# Try it:
Set down the entries below exactly as written.

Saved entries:
---------------
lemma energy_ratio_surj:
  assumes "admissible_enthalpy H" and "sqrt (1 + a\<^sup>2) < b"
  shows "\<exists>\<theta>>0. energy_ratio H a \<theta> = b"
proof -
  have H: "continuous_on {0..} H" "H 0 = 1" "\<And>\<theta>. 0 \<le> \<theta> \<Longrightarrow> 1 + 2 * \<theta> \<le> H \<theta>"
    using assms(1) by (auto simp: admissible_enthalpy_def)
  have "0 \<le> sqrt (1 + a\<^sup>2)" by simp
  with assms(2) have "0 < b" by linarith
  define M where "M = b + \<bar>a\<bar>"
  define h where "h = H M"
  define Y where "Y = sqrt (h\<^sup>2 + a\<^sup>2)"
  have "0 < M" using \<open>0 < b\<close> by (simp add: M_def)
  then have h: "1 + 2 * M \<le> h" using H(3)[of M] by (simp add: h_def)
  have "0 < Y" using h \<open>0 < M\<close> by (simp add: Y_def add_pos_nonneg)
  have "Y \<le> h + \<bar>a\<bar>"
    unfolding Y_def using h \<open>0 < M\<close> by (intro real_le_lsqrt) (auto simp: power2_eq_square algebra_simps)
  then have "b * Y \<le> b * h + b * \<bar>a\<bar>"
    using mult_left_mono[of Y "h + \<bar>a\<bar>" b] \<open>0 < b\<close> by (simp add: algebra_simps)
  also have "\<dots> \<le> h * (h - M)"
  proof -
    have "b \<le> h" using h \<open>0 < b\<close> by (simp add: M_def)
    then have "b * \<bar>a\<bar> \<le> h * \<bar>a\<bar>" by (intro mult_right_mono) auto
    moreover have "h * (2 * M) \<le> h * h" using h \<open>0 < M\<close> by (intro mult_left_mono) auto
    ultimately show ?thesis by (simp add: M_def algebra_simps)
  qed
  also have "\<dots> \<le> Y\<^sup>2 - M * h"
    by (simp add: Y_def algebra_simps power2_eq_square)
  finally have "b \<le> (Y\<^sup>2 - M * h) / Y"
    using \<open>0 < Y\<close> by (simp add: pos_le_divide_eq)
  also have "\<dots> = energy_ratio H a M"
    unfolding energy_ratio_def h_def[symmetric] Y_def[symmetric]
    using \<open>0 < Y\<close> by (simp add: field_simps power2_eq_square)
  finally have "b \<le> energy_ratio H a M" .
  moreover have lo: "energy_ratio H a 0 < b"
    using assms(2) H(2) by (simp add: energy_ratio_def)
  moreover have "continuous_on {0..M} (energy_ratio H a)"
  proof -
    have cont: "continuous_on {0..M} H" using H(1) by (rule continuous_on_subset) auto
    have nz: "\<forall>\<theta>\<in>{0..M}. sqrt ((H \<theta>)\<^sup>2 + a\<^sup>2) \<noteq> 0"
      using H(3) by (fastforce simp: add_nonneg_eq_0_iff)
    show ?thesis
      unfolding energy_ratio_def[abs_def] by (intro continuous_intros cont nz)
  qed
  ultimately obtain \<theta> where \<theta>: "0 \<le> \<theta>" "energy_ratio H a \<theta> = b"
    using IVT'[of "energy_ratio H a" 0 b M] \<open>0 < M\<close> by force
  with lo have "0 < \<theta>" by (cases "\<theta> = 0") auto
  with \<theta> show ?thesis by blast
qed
---------------
# Task output:
lemma energy_ratio_surj:
  assumes "admissible_enthalpy H" and "sqrt (1 + a\<^sup>2) < b"
  shows "\<exists>\<theta>>0. energy_ratio H a \<theta> = b"
proof -
  have H: "continuous_on {0..} H" "H 0 = 1" "\<And>\<theta>. 0 \<le> \<theta> \<Longrightarrow> 1 + 2 * \<theta> \<le> H \<theta>"
    using assms(1) by (auto simp: admissible_enthalpy_def)
  have "0 \<le> sqrt (1 + a\<^sup>2)" by simp
  with assms(2) have "0 < b" by linarith
  define M where "M = b + \<bar>a\<bar>"
  define h where "h = H M"
  define Y where "Y = sqrt (h\<^sup>2 + a\<^sup>2)"
  have "0 < M" using \<open>0 < b\<close> by (simp add: M_def)
  then have h: "1 + 2 * M \<le> h" using H(3)[of M] by (simp add: h_def)
  have "0 < Y" using h \<open>0 < M\<close> by (simp add: Y_def add_pos_nonneg)
  have "Y \<le> h + \<bar>a\<bar>"
    unfolding Y_def using h \<open>0 < M\<close> by (intro real_le_lsqrt) (auto simp: power2_eq_square algebra_simps)
  then have "b * Y \<le> b * h + b * \<bar>a\<bar>"
    using mult_left_mono[of Y "h + \<bar>a\<bar>" b] \<open>0 < b\<close> by (simp add: algebra_simps)
  also have "\<dots> \<le> h * (h - M)"
  proof -
    have "b \<le> h" using h \<open>0 < b\<close> by (simp add: M_def)
    then have "b * \<bar>a\<bar> \<le> h * \<bar>a\<bar>" by (intro mult_right_mono) auto
    moreover have "h * (2 * M) \<le> h * h" using h \<open>0 < M\<close> by (intro mult_left_mono) auto
    ultimately show ?thesis by (simp add: M_def algebra_simps)
  qed
  also have "\<dots> \<le> Y\<^sup>2 - M * h"
    by (simp add: Y_def algebra_simps power2_eq_square)
  finally have "b \<le> (Y\<^sup>2 - M * h) / Y"
    using \<open>0 < Y\<close> by (simp add: pos_le_divide_eq)
  also have "\<dots> = energy_ratio H a M"
    unfolding energy_ratio_def h_def[symmetric] Y_def[symmetric]
    using \<open>0 < Y\<close> by (simp add: field_simps power2_eq_square)
  finally have "b \<le> energy_ratio H a M" .
  moreover have lo: "energy_ratio H a 0 < b"
    using assms(2) H(2) by (simp add: energy_ratio_def)
  moreover have "continuous_on {0..M} (energy_ratio H a)"
  proof -
    have cont: "continuous_on {0..M} H" using H(1) by (rule continuous_on_subset) auto
    have nz: "\<forall>\<theta>\<in>{0..M}. sqrt ((H \<theta>)\<^sup>2 + a\<^sup>2) \<noteq> 0"
      using H(3) by (fastforce simp: add_nonneg_eq_0_iff)
    show ?thesis
      unfolding energy_ratio_def[abs_def] by (intro continuous_intros cont nz)
  qed
  ultimately obtain \<theta> where \<theta>: "0 \<le> \<theta>" "energy_ratio H a \<theta> = b"
    using IVT'[of "energy_ratio H a" 0 b M] \<open>0 < M\<close> by force
  with lo have "0 < \<theta>" by (cases "\<theta> = 0") auto
  with \<theta> show ?thesis by blast
qed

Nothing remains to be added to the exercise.